### [WORK INSTRUCTIONS]
The answer should be one number: how many lines in the records below contain the word "empty".

### [DATA EXTRACTS]
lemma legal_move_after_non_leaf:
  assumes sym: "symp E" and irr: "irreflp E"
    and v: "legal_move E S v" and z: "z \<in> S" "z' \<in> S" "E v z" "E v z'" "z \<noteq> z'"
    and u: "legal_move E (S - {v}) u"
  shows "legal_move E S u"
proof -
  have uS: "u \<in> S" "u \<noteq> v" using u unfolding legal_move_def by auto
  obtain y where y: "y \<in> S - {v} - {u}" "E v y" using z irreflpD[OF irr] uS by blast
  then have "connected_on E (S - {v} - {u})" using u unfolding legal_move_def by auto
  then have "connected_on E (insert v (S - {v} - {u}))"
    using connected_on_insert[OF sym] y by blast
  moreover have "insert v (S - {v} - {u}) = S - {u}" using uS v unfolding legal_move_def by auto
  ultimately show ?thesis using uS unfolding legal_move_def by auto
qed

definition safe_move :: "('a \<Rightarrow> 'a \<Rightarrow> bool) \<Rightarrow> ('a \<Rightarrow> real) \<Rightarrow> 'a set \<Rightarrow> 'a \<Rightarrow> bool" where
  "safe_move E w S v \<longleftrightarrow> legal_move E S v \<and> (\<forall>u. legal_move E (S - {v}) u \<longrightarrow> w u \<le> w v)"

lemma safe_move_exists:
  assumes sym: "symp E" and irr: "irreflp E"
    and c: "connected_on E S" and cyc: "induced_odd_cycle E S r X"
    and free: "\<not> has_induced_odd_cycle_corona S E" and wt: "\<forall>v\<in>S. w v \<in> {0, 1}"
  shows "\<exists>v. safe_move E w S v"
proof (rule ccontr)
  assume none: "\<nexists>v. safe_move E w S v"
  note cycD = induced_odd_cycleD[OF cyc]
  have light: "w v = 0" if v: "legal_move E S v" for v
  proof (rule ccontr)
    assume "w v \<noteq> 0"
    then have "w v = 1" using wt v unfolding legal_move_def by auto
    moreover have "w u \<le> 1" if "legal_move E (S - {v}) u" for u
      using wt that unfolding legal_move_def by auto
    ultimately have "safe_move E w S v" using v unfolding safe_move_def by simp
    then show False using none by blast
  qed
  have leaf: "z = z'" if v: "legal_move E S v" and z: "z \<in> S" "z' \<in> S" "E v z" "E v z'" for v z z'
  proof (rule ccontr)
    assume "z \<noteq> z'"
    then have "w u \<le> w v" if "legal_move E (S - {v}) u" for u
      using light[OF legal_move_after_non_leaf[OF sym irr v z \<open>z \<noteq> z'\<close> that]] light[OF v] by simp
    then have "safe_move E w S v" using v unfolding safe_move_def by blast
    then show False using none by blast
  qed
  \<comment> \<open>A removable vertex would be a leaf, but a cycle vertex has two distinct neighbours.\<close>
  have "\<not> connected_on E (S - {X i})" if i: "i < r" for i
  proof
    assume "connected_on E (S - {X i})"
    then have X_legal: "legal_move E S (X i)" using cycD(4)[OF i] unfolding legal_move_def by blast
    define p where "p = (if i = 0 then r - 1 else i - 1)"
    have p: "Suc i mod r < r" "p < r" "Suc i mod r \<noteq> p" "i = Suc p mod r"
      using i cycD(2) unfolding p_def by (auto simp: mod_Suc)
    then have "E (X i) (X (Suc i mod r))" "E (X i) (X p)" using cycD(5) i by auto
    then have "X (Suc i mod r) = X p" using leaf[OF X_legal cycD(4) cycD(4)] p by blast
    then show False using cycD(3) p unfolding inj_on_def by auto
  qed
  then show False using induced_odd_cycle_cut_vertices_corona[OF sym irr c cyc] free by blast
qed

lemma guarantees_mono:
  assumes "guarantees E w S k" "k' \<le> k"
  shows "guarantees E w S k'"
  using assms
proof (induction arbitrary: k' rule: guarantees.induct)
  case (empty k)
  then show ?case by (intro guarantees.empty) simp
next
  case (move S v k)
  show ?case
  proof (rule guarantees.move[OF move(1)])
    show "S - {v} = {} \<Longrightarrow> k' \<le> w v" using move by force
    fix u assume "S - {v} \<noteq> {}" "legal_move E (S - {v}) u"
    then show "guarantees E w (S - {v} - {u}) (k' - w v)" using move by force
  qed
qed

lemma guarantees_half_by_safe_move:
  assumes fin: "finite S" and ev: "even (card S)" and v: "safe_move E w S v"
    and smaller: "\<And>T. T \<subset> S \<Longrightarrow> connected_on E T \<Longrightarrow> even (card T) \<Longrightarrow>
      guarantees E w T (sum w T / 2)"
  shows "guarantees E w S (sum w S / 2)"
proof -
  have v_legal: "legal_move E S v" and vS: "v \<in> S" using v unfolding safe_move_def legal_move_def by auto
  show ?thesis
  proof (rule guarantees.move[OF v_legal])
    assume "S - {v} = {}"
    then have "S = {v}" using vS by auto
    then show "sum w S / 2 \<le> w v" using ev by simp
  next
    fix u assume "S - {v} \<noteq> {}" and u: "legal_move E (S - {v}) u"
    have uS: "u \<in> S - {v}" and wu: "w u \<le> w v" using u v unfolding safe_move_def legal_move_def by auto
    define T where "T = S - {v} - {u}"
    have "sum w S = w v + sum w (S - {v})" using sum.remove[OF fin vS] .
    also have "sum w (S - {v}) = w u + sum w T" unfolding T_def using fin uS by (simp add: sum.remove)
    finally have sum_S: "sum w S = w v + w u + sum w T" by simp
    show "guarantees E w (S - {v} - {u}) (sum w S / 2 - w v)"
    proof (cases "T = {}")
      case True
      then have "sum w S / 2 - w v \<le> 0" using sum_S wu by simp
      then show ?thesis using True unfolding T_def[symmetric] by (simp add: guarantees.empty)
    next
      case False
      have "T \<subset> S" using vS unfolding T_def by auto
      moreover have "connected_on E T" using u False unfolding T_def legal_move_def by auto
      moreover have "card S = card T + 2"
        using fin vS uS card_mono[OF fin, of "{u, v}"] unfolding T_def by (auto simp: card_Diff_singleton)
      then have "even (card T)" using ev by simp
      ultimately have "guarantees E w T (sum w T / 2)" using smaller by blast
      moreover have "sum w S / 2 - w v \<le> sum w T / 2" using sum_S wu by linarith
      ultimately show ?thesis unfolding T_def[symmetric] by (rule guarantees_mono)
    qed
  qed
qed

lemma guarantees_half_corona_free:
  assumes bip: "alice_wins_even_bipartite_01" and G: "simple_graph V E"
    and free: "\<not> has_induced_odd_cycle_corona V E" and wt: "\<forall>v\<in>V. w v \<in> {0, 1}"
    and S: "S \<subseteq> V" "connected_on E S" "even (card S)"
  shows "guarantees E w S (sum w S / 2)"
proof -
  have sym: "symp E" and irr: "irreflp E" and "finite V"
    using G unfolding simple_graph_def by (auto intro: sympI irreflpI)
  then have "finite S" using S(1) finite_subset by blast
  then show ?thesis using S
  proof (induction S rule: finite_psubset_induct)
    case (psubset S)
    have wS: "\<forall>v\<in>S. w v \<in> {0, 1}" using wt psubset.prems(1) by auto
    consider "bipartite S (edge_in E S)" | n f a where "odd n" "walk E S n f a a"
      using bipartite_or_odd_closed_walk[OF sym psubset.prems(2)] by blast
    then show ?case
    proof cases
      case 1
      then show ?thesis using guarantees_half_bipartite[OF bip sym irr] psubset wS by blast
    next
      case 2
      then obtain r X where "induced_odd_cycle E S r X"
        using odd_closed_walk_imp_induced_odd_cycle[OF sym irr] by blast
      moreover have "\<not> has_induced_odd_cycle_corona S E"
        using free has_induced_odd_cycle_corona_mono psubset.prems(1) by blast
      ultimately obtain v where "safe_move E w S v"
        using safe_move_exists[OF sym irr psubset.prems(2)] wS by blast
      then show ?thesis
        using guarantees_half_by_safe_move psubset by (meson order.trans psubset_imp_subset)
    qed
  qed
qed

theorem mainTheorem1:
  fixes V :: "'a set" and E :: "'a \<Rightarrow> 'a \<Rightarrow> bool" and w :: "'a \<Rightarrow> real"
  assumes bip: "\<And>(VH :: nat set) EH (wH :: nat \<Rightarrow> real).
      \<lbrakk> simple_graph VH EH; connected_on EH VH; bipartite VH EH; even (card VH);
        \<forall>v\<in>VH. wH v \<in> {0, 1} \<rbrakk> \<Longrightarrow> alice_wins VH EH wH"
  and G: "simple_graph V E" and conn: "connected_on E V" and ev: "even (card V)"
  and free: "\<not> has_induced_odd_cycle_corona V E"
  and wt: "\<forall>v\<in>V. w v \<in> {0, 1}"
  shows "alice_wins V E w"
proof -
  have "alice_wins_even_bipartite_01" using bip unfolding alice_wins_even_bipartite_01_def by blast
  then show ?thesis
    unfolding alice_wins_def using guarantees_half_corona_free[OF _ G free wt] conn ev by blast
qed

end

### [EXPECTED OUTPUT]
3